Data Standardization
  • Standardize the data (often using Z-score standardization) to ensure that each metabolite has a mean of 0 and a standard deviation of 1. This step is particularly useful for multivariate analyses, such as PCA or clustering, where you want all features (metabolites) to have an equal contribution.
  • Standardization is optional and is applied based on the analysis goals.

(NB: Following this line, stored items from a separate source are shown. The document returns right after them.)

text \<open>Every matrix in \<open>S\<close> sends each basis vector \<open>e\<^sub>k\<close> either to a multiple of itself or,
  inside a nilpotent Jordan block, to the next vector \<open>e\<^sub>p\<close> of its chain; call this a shift
  \<open>k \<rightarrow> p\<close>. Commutativity makes shifts acyclic: a cycle yields a product \<open>X\<close> of elements of
  \<open>S\<close> and a shifting \<open>A \<in> S\<close> with \<open>X A e\<^sub>k = e\<^sub>k\<close>, and \<open>X A = A X\<close> pushes this fixed
  point down the chain of \<open>A\<close> to its head, where \<open>A\<close> vanishes. So the number of indices
  reachable from \<open>k\<close> by shifts, the height of \<open>k\<close>, drops along every shift. Take \<open>w \<in> W\<close>
  nonzero minimising the sum of \<open>height k + 1\<close> over its support. Every \<open>A \<in> S\<close> acts
  diagonally on that support, since a shift would make \<open>A w\<close> lighter; subtracting eigenvalue
  multiples of \<open>w\<close> shows that all coordinates of \<open>w\<close> carry the same eigenvalues, and the
  separation hypothesis then leaves a single basis vector.\<close>

lemma jordan_matrix_nonzero_entry:
  assumes "\<forall>(n, a) \<in> set n_as. 1 < n \<longrightarrow> a = 0"
    and "i < sum_list (map fst n_as)" "j < sum_list (map fst n_as)"
    and "jordan_matrix n_as $$ (i,j) \<noteq> (0::'a::{zero,one})"
  shows "i = j \<or> (Suc i = j \<and> jordan_matrix n_as $$ (i,j) = 1 \<and>
           jordan_matrix n_as $$ (i,i) = 0 \<and> jordan_matrix n_as $$ (j,j) = 0)"
  using assms
proof (induction n_as arbitrary: i j)
  case Nil
  then show ?case by simp
next
  case (Cons na n_as)
  obtain n a where na: "na = (n,a)" by fastforce
  let ?D = "sum_list (map fst n_as)"
  have tail: "\<forall>(n, a) \<in> set n_as. 1 < n \<longrightarrow> a = 0" using Cons.prems(1) by simp
  have a0: "1 < n \<Longrightarrow> a = 0" using Cons.prems(1) na by auto
  have lt: "i < n + ?D" "j < n + ?D" using Cons.prems na by auto
  have entry: "jordan_matrix (na # n_as) $$ (i',j') =
     (if i' < n then if j' < n then (if i' = j' then a else if Suc i' = j' then 1 else 0) else 0
      else if j' < n then 0 else jordan_matrix n_as $$ (i' - n, j' - n))"
    if "i' < n + ?D" "j' < n + ?D" for i' j'
    unfolding na jordan_matrix_Cons using that by (subst index_mat_four_block) auto
  show ?case
  proof (cases "i < n")
    case True
    then show ?thesis using Cons.prems(4) lt a0 by (auto simp: entry split: if_splits)
  next
    case False
    then have jn: "\<not> j < n" using Cons.prems(4) lt by (auto simp: entry split: if_splits)
    have "i - n = j - n \<or> (Suc (i - n) = j - n \<and> jordan_matrix n_as $$ (i - n, j - n) = 1 \<and>
        jordan_matrix n_as $$ (i - n, i - n) = 0 \<and> jordan_matrix n_as $$ (j - n, j - n) = 0)"
      using Cons.IH[OF tail] Cons.prems(4) False jn lt by (simp add: entry)
    then show ?thesis using False jn lt by (auto simp: entry)
  qed
qed
(* Let $m<N$ and let $A\in\mathbb{R}^{m\times N}$ have full row rank and rows $a_1,\dots,a_m$ of unit Euclidean norm. Let $X$ be an $\mathbb{R}^N$-valued random vector with $\mathbb{E}\|X\|^2<\infty$, let $W$ be an $\mathbb{R}^m$-valued random vector with $\mathbb{E}W=0$ and $\mathbb{E}\|W\|^2<\infty$, and let $Z$ be a random variable with values in $[m]=\{1,\dots,m\}$ with $\Pr\{Z=i\}=\lambda_i>0$ for all $i\in[m]$. Let $\{X_k\}_{k\ge1},\{W_k\}_{k\ge1},\{Z_k\}_{k\ge1}$ be IID copies of $X,W,Z$ respectively, with the three sequences jointly independent, and set $Y_k:=AX_k+W_k$, $\mathcal{Y}_k:=Y_k(Z_k)$ (the $Z_k$-th component of $Y_k$), and $Y:=AX+W$. Let $\{\eta_k\}_{k\ge0}$ be positive step sizes with $\sum_k\eta_k=\infty$ and $\sum_k\eta_k^2<\infty$. Fix $x_0\in\mathbb{R}^N$ and define $\alpha_0=0\in\mathbb{R}^m$ and $$\alpha_{k+1}=\alpha_k+\eta_k\big[\tilde Y_{k+1}-e_{Z_{k+1}}A(x_0+A'\alpha_k)\big],\quad k\ge0,$$ where $e_{j}$ denotes the $m\times m$ matrix with $1$ in its $(j,j)$ entry and zeros elsewhere, and $\tilde Y_{k+1}\in\mathbb{R}^m$ is the vector whose $Z_{k+1}$-th entry is $\mathcal{Y}_{k+1}$ and whose other entries are $0$. Then, almost surely, $$\alpha_k\to\alpha^*:=(AA')^{-1}(\mathbb{E}Y-Ax_0)\quad\text{as }k\to\infty.$$
   Context: $A'$ denotes the transpose of $A$; $\|\cdot\|$ is the Euclidean norm. Equivalently, the iterates $x_k:=x_0+A'\alpha_k$ satisfy the stochastic Kaczmarz recursion $x_{k+1}=x_k+\eta_k[\mathcal{Y}_{k+1}-\langle a_{Z_{k+1}},x_k\rangle]a_{Z_{k+1}}$. *)

theory Defs
  imports "HOL-Probability.Probability"
begin

text \<open>Indices of the random variables X_k, W_k, Z_k (k >= 1) used to express
  the joint independence of the three IID sequences.\<close>
datatype kidx = IX nat | IW nat | IZ nat

definition kacz_events ::
  "'w measure \<Rightarrow> (nat \<Rightarrow> 'w \<Rightarrow> real^'n) \<Rightarrow> (nat \<Rightarrow> 'w \<Rightarrow> real^'m) \<Rightarrow> (nat \<Rightarrow> 'w \<Rightarrow> 'm)
    \<Rightarrow> kidx \<Rightarrow> 'w set set" where
  "kacz_events M Xs Ws Zs i = (case i of
      IX k \<Rightarrow> {Xs k -` B \<inter> space M | B. B \<in> sets borel}
    | IW k \<Rightarrow> {Ws k -` B \<inter> space M | B. B \<in> sets borel}
    | IZ k \<Rightarrow> {Zs k -` B \<inter> space M | B. B \<in> sets (count_space UNIV)})"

It is most commonly used when performing multivariate analyses that are sensitive to differences in metabolite scales.
Statistical Analysis
Proceed with downstream statistical analyses using the pre-processed data:
  • Multivariate Analysis: Use techniques like Principal Component Analysis (PCA) or Partial Least Squares Discriminant Analysis (PLS-DA) to identify patterns, clusters, or differences in metabolite profiles between groups.
  • Univariate Analysis: Apply t-tests, ANOVA, or other statistical tests to compare individual metabolites between experimental groups.

The choice of analysis depends on the biological questions being addressed and the nature of the dataset.
Protocol references
Dablanc, A., Hennechart, S., Perez, A., Cabanac, G., Guitton, Y., Paulhe, N., Lyan, B., Jamin, E.L., Giacomoni, F. and Marti, G., 2024. FragHub: A mass spectral library data integration workflow. Analytical Chemistry96(30), pp.12489-12496.
Takeda, H., Matsuzawa, Y., Takeuchi, M., Takahashi, M., Nishida, K., Harayama, T., Todoroki, Y., Shimizu, K., Sakamoto, N., Oka, T. and Maekawa, M., 2024. MS-DIAL 5 multimodal mass spectrometry data mining unveils lipidome complexities. bioRxiv, pp.2024-02.
Tsugawa, H., Cajka, T., Kind, T., Ma, Y., Higgins, B., Ikeda, K., Kanazawa, M., VanderGheynst, J., Fiehn, O. and Arita, M., 2015. MS-DIAL: data-independent MS/MS deconvolution for comprehensive metabolome analysis. Nature methods12(6), pp.523-526.
Zhang, X., Dong, J. and Raftery, D., 2020. Five easy metrics of data quality for LC–MS-based global metabolomics. Analytical chemistry92(19), pp.12925-12933.